Children with ADHD might need a bit of extra help learning to get along with other children. You can help your child develop social skills by rewarding helpful behaviour, teaching strategies to use if there’s a problem with another child (eg. ‘Catch & trash’, walk away, talk to a teacher), and teaching your child to keep an eye on their own behaviour (eg. ‘Stop, think, do’).

  • Praise for positive behaviour

Praise and encouragement for positive behaviour will make it more likely to happen again. Make a big deal when your child does well. Set your child up for success by involving him in activities where he is likely to do well.

  • At school

Try talking to you child’s teacher, principal or special needs co-ordinator about getting the support your child needs for any learning, language and physical problems at school. A behaviour toolkit for school age children can be found at

  • Look after yourself

By looking after yourself and managing your own stress, you are better equipped to help and support your child. Rope in family and friends to help, try a support group, and speak to your child’s health professional about any difficulties you’re having. Consider seeing your own doctor or counsellor if things are getting too much.

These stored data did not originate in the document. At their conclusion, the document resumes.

(* Let $\mathcal{T}$ be a triangulation of genus $g$ with root-face $(v_0,v_1,v_2)$, and run the procedure ComputeSchnyderAnyGenus on $\mathcal{T}$. At any step strictly before termination (i.e., while $C\neq\mathcal{T}$), there exists an update-candidate incident to the boundary face of $C$ containing the edge $\{v_0,v_1\}$ (that is, a free boundary corner on that boundary face, or a split or merge edge having a brin exterior to a boundary corner on that boundary face). Consequently the procedure ComputeSchnyderAnyGenus terminates.
   Context: $\mathcal{T}$ is a graph without loops or multiple edges cellularly embedded in the closed orientable surface of genus $g$, all faces of degree 3, with a marked root-face $(v_0,v_1,v_2)$. Each edge consists of two brins (half-edges), one at each endpoint. A subcomplex $C=(V',E',F')$ of $\mathcal{T}$ consists of subsets of vertices, edges, faces such that the edges of each face in $F'$ lie in $E'$ and the endpoints of each edge in $E'$ lie in $V'$; it is connected if $(V',E')$ is connected. $C$ inherits the cyclic order of brins around vertices, hence facial walks; those not bounding a face of $F'$ are boundary walks, and gluing a disk to each boundary walk gives the boundary faces of $C$. For a brin $h$ on a boundary walk with origin $v$, the boundary corner at $h$ is the pair $(h,h')$ where $h'$ is the next brin of $C$ after $h$ in clockwise (cw) order around $v$; the brins of $\mathcal{T}$ strictly between $h$ and $h'$ in cw order are the exterior brins of the corner, their edges the exterior edges, and the faces of $\mathcal{T}$ around $v$ between $h$ and $h'$ are its exterior faces. The complementary dual $D$ of $C$ is the subcomplex of the dual map $\mathcal{T}^*$ formed by the duals of the faces, edges and vertices of $\mathcal{T}$ not in $C$. A chordal edge is an edge of $\mathcal{T}$ not in $C$ whose two brins are both exterior brins of boundary corners of $C$. A boundary corner is free if none of its exterior edges is chordal; by convention the boundary corners delimited by the edge $\{v_0,v_1\}$ are never considered free. A chordal edge $e$ is separating if its dual edge $e^*$ is a bridge of $D$. A split edge is a non-separating chordal edge whose two brins are exterior brins of boundary corners on the same boundary face of $C$. A merge edge is a chordal edge whose two brins are exterior brins of boundary corners on two distinct boundary faces of $C$. An update-candidate is a free boundary corner, a split edge, or a merge edge. Operations: conquer$(b)$ adds to $C$ all exterior faces of the free corner $b$, with their edges and vertices. colorient$(b)$: with $v$ the vertex of $b$ and $e,e'$ the two edges of $C$ delimiting $b$ ($e'$ after $e$ in cw order around $v$), orient $e,e'$ out of $v$, give $e$ color 1 and $e'$ color 0, and orient all exterior edges of $b$ toward $v$ with color 2 (edges of the root-face are not colored or oriented). split$(e)$ / merge$(e)$ for a split/merge edge $e$: double $e$ into two parallel edges bounding a face of degree 2 and add these two edges and this face to $C$ ($e$ becomes a special edge). ComputeSchnyderAnyGenus$(\mathcal{T})$: initialize $C$ as the root-face with its edges and vertices; while $C\neq\mathcal{T}$, find any update-candidate $\sigma$; if $\sigma$ is a free corner $b$, perform conquer$(b)$ then colorient$(b)$; if $\sigma$ is a merge edge perform merge; if it is a split edge perform split (no priority among the three types). *)

theory Defs
  imports Main
begin

(* Combinatorial maps (rotation systems) on a dart ("brin") set.
   alph = edge involution (the two brins of an edge),
   sigm = clockwise rotation of brins around their origin vertex.
   A dart d also names the angle (corner of the map) at its origin between d
   and sigm d; the face lying in that angle is the orbit of d under
   phi = alph o sigm. *)

record 'd cmap =
  darts :: "'d set"
  alph  :: "'d \<Rightarrow> 'd"
  sigm  :: "'d \<Rightarrow> 'd"

definition orb :: "('d \<Rightarrow> 'd) \<Rightarrow> 'd \<Rightarrow> 'd set" where
  "orb f x = {(f ^^ n) x | n. True}"

definition phi :: "'d cmap \<Rightarrow> 'd \<Rightarrow> 'd" where
  "phi M = alph M \<circ> sigm M"

definition vertex :: "'d cmap \<Rightarrow> 'd \<Rightarrow> 'd set" where
  "vertex M d = orb (sigm M) d"

definition edge :: "'d cmap \<Rightarrow> 'd \<Rightarrow> 'd set" where
  "edge M d = {d, alph M d}"

definition face :: "'d cmap \<Rightarrow> 'd \<Rightarrow> 'd set" where
  "face M d = orb (phi M) d"

definition verts :: "'d cmap \<Rightarrow> 'd set set" where
  "verts M = vertex M ` darts M"

definition edges :: "'d cmap \<Rightarrow> 'd set set" where
  "edges M = edge M ` darts M"

definition faces :: "'d cmap \<Rightarrow> 'd set set" where
  "faces M = face M ` darts M"

definition comb_map :: "'d cmap \<Rightarrow> bool" where
  "comb_map M \<longleftrightarrow> finite (darts M)
     \<and> bij_betw (alph M) (darts M) (darts M)
     \<and> (\<forall>d\<in>darts M. alph M (alph M d) = d \<and> alph M d \<noteq> d)
     \<and> bij_betw (sigm M) (darts M) (darts M)"

definition map_connected :: "'d cmap \<Rightarrow> bool" where
  "map_connected M \<longleftrightarrow> (\<forall>x\<in>darts M. \<forall>y\<in>darts M.
     (x, y) \<in> ({(d, alph M d) | d. d \<in> darts M} \<union> {(d, sigm M d) | d. d \<in> darts M})\<^sup>*)"

definition simple_map :: "'d cmap \<Rightarrow> bool" where
  "simple_map M \<longleftrightarrow> (\<forall>d\<in>darts M. alph M d \<notin> vertex M d)
     \<and> (\<forall>d\<in>darts M. \<forall>d'\<in>darts M.
          vertex M d = vertex M d' \<and> vertex M (alph M d) = vertex M (alph M d')
          \<longrightarrow> edge M d = edge M d')"

definition has_genus :: "'d cmap \<Rightarrow> nat \<Rightarrow> bool" where
  "has_genus M g \<longleftrightarrow>
     int (card (verts M)) - int (card (edges M)) + int (card (faces M)) = 2 - 2 * int g"

definition triangulation :: "'d cmap \<Rightarrow> nat \<Rightarrow> bool" where
  "triangulation M g \<longleftrightarrow> comb_map M \<and> map_connected M \<and> simple_map M
     \<and> has_genus M g \<and> (\<forall>d\<in>darts M. card (face M d) = 3)"

type_synonym 'd cplx = "'d set set \<times> 'd set set \<times> 'd set set"

definition cV :: "'d cplx \<Rightarrow> 'd set set" where "cV C = fst C"
definition cE :: "'d cplx \<Rightarrow> 'd set set" where "cE C = fst (snd C)"
definition cF :: "'d cplx \<Rightarrow> 'd set set" where "cF C = snd (snd C)"

definition full_cplx :: "'d cmap \<Rightarrow> 'd cplx" where
  "full_cplx M = (verts M, edges M, faces M)"

definition nxt :: "'d cmap \<Rightarrow> 'd cplx \<Rightarrow> 'd \<Rightarrow> nat" where
  "nxt M C h = (LEAST k. 0 < k \<and> edge M ((sigm M ^^ k) h) \<in> cE C)"

(* inherited rotation of C *)
definition sigC :: "'d cmap \<Rightarrow> 'd cplx \<Rightarrow> 'd \<Rightarrow> 'd" where
  "sigC M C h = (sigm M ^^ nxt M C h) h"

definition walk :: "'d cmap \<Rightarrow> 'd cplx \<Rightarrow> 'd \<Rightarrow> 'd set" where
  "walk M C h = orb (alph M \<circ> sigC M C) h"

(* h is a brin on a boundary walk; the boundary corner at h is (h, sigC M C h);
   the boundary face it lies on is identified with walk M C h *)
definition bcorner :: "'d cmap \<Rightarrow> 'd cplx \<Rightarrow> 'd \<Rightarrow> bool" where
  "bcorner M C h \<longleftrightarrow> h \<in> darts M \<and> edge M h \<in> cE C \<and> walk M C h \<notin> cF C"
theorem line_or_constant:
  "(\<exists>z0. \<forall>t\<in>I. yc (\<gamma> t) = 0 \<and> zc (\<gamma> t) = z0) \<or> (\<forall>s\<in>I. \<forall>t\<in>I. \<gamma> s = \<gamma> t)"
proof (cases "\<exists>t0\<in>I. yc (\<gamma> t0) = 0")
  case True
  then obtain t0 where "t0 \<in> I" "yc (\<gamma> t0) = 0" by blast
  then have y_zero: "yc (\<gamma> t) = 0" if "t \<in> I" for t
    using y_square_const[OF that \<open>t0 \<in> I\<close>] \<open>yc (\<gamma> t0) = 0\<close> by simp
  have "zc (\<gamma> t) = zc (\<gamma> t0)" if "t \<in> I" for t
  proof (rule zero_derivative_ae_const[OF abs_cont_on_coords(3)[OF abs_cont_state] _ that \<open>t0 \<in> I\<close>])
    fix s assume "s \<in> I" "s \<notin> N"
    then show "((\<lambda>s. zc (\<gamma> s)) has_real_derivative 0) (at s)"
      using state_coords_derivative(2)[OF \<open>s \<in> I\<close> \<open>s \<notin> N\<close>] y_zero[OF \<open>s \<in> I\<close>] by simp
  qed
  with y_zero show ?thesis by blast
next
  case False
  have "\<gamma> s = \<gamma> t" if "s \<in> I" "t \<in> I" for s t
  proof (rule abs_cont_on_zero_derivative_ae_const[OF abs_cont_state interval null _ that])
    fix r assume r: "r \<in> I" "r \<notin> N"
    with False have "yc (\<gamma> r) \<noteq> 0" by blast
    then have "u1 r = 0" "u2 r = 0"
      using control1_y_zero[OF r] control2_y_zero[OF r] by simp_all
    then show "(\<gamma> has_vector_derivative 0) (at r)"
      using state_eq[OF r] by simp
  qed
  then show ?thesis by blast
qed

end

lemma extremal_pair_abnormal_arc_data:
  assumes "extremal_pair T lam \<gamma> u1 u2" "0 \<le> a" "b \<le> T" "abnormal_arc lam \<gamma> a b"
  obtains N where "abnormal_arc_data lam \<gamma> u1 u2 {a<..<b} N"
proof -
  have adm: "admissible T \<gamma> u1 u2" and "abs_cont_on {0..T} lam" and "\<forall>t\<in>{0..T}. lam t \<noteq> 0"
    and adjoint: "AE t in lebesgue_on {0..T}.
      (lam has_vector_derivative (0, - 2 * u1 t * yc (\<gamma> t) * zc (lam t), 0)) (at t)"
    using assms(1) unfolding extremal_pair_def by blast+
  moreover have "abs_cont_on {0..T} \<gamma>" and state: "AE t in lebesgue_on {0..T}.
      (\<gamma> has_vector_derivative (u1 t *\<^sub>R X1 (\<gamma> t) + u2 t *\<^sub>R X2 (\<gamma> t))) (at t)"
    using adm unfolding admissible_def by (blast, auto elim: eventually_mono)
  moreover have measurable: "{0..T} \<in> sets lebesgue" by simp
  moreover obtain N1 where "N1 \<in> null_sets lebesgue" "\<And>t. t \<in> {0..T} \<Longrightarrow> t \<notin> N1 \<Longrightarrow>
      (\<gamma> has_vector_derivative (u1 t *\<^sub>R X1 (\<gamma> t) + u2 t *\<^sub>R X2 (\<gamma> t))) (at t)"
    using AE_lebesgue_on_null_set[OF state measurable] by blast
  moreover obtain N2 where "N2 \<in> null_sets lebesgue" "\<And>t. t \<in> {0..T} \<Longrightarrow> t \<notin> N2 \<Longrightarrow>
      (lam has_vector_derivative (0, - 2 * u1 t * yc (\<gamma> t) * zc (lam t), 0)) (at t)"
    using AE_lebesgue_on_null_set[OF adjoint measurable] by blast
  moreover have "{a<..<b} \<subseteq> {0..T}"
    using assms(2,3) by auto
  ultimately have "abnormal_arc_data lam \<gamma> u1 u2 {a<..<b} (N1 \<union> N2)"
    using assms(4) unfolding abnormal_arc_def
    by unfold_locales (auto intro: abs_cont_on_subset)
  then show thesis by (rule that)
qed

lemma abnormal_arc_in_line:
  assumes "extremal_pair T lam \<gamma> u1 u2" "0 \<le> a" "b \<le> T" "abnormal_arc lam \<gamma> a b"
    and "\<exists>s\<in>{a<..<b}. \<exists>t\<in>{a<..<b}. \<gamma> s \<noteq> \<gamma> t"
  shows "\<exists>z0. \<forall>t\<in>{a<..<b}. yc (\<gamma> t) = 0 \<and> zc (\<gamma> t) = z0"
proof -
  obtain N where "abnormal_arc_data lam \<gamma> u1 u2 {a<..<b} N"
    using extremal_pair_abnormal_arc_data[OF assms(1-4)] .
  then show ?thesis
    using abnormal_arc_data.line_or_constant assms(5) by blast
qed

lemma line_trajectory_abnormal_lift:
  assumes adm: "admissible T \<gamma> u1 u2" and line: "\<forall>t\<in>{0..T}. yc (\<gamma> t) = 0 \<and> zc (\<gamma> t) = z0"
  shows "extremal_pair T (\<lambda>_. (0, 0, 1)) \<gamma> u1 u2 \<and> abnormal_arc (\<lambda>_. (0, 0, 1)) \<gamma> 0 T"
proof -
  let ?lam = "\<lambda>_::real. (0::real, 0::real, 1::real)"
  have switching: "phi1 ?lam \<gamma> t = 0 \<and> phi2 ?lam \<gamma> t = 0" if "t \<in> {0..T}" for t
    using line that by (simp add: phi1_def phi2_def inner_X1 inner_X2 xc_def yc_def zc_def)
  have "abs_cont_on {0..T} ?lam"
    unfolding abs_cont_on_def by (intro allI impI exI[of _ 1]) simp
  moreover have "AE t in lebesgue_on {0..T}.
      (?lam has_vector_derivative (0, - 2 * u1 t * yc (\<gamma> t) * zc (?lam t), 0)) (at t)"
    using line by (intro AE_I2) (simp add: zero_prod_def[symmetric] has_vector_derivative_const)
  moreover have "AE t in lebesgue_on {0..T}.
      u1 t * phi1 ?lam \<gamma> t + u2 t * phi2 ?lam \<gamma> t = 0 \<and> \<bar>phi1 ?lam \<gamma> t\<bar> + \<bar>phi2 ?lam \<gamma> t\<bar> = 0"
    using switching by (intro AE_I2) simp
  ultimately show ?thesis
    using adm switching unfolding extremal_pair_def abnormal_arc_def
    by (auto simp: zero_prod_def)
qed

theorem mainTheorem15:
  shows "(\<forall>T lam \<gamma> u1 u2 a b.
            extremal_pair T lam \<gamma> u1 u2 \<and> 0 \<le> a \<and> a < b \<and> b \<le> T \<and>
            abnormal_arc lam \<gamma> a b \<and>
            (\<exists>s\<in>{a<..<b}. \<exists>t\<in>{a<..<b}. \<gamma> s \<noteq> \<gamma> t)
            \<longrightarrow> (\<exists>z0::real. \<forall>t\<in>{a<..<b}. yc (\<gamma> t) = 0 \<and> zc (\<gamma> t) = z0))
       \<and> (\<forall>T \<gamma> u1 u2 (z0::real).
            admissible T \<gamma> u1 u2 \<and> (\<forall>t\<in>{0..T}. yc (\<gamma> t) = 0 \<and> zc (\<gamma> t) = z0)
            \<longrightarrow> (\<exists>lam. extremal_pair T lam \<gamma> u1 u2 \<and> abnormal_arc lam \<gamma> 0 T))"
  using abnormal_arc_in_line line_trajectory_abnormal_lift by blast

end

NOTE: Children with ADHD can live normal lives with the right treatment and support. ADHD can be associated with other developmental challenges and health issues. This might make a diagnosis even more difficult. Trust your instincts, find the right doctors and know that there are other parents experiencing similar journeys. 'The Day' is a candid post written by a parent who struggled to reach a diagnosis for her son.


Related books

All dogs have ADHD

All dogs have ADHD by Kathy Hoopmann

This picture book takes an inspiring and affectionate look at ADHD, using images and ideas from the canine world to explore a variety of traits that will be instantly recognizable to those who are familiar with ADHD.

Understanding ADHD

Understanding ADHD by Dr Christopher Green & Dr Kit Chee

Understanding ADHD gives a clear overview of ADHD - the causes, the behaviours and the treatments. It is full of well-tried, practical and proven strategies to help with common ADHD problems such as inattention, impulsiveness and underachievement. Drawing on the latest research, the new edition includes how to identify ADHD in your child, ADHD in the under-fives, how to encourage better behaviours at school and home, medication and alternative therapies (the pros and cons), how to deal with the stress ADHD causes for parents and siblings, how to help with reading, writing and language, and advice for adults with ADHD.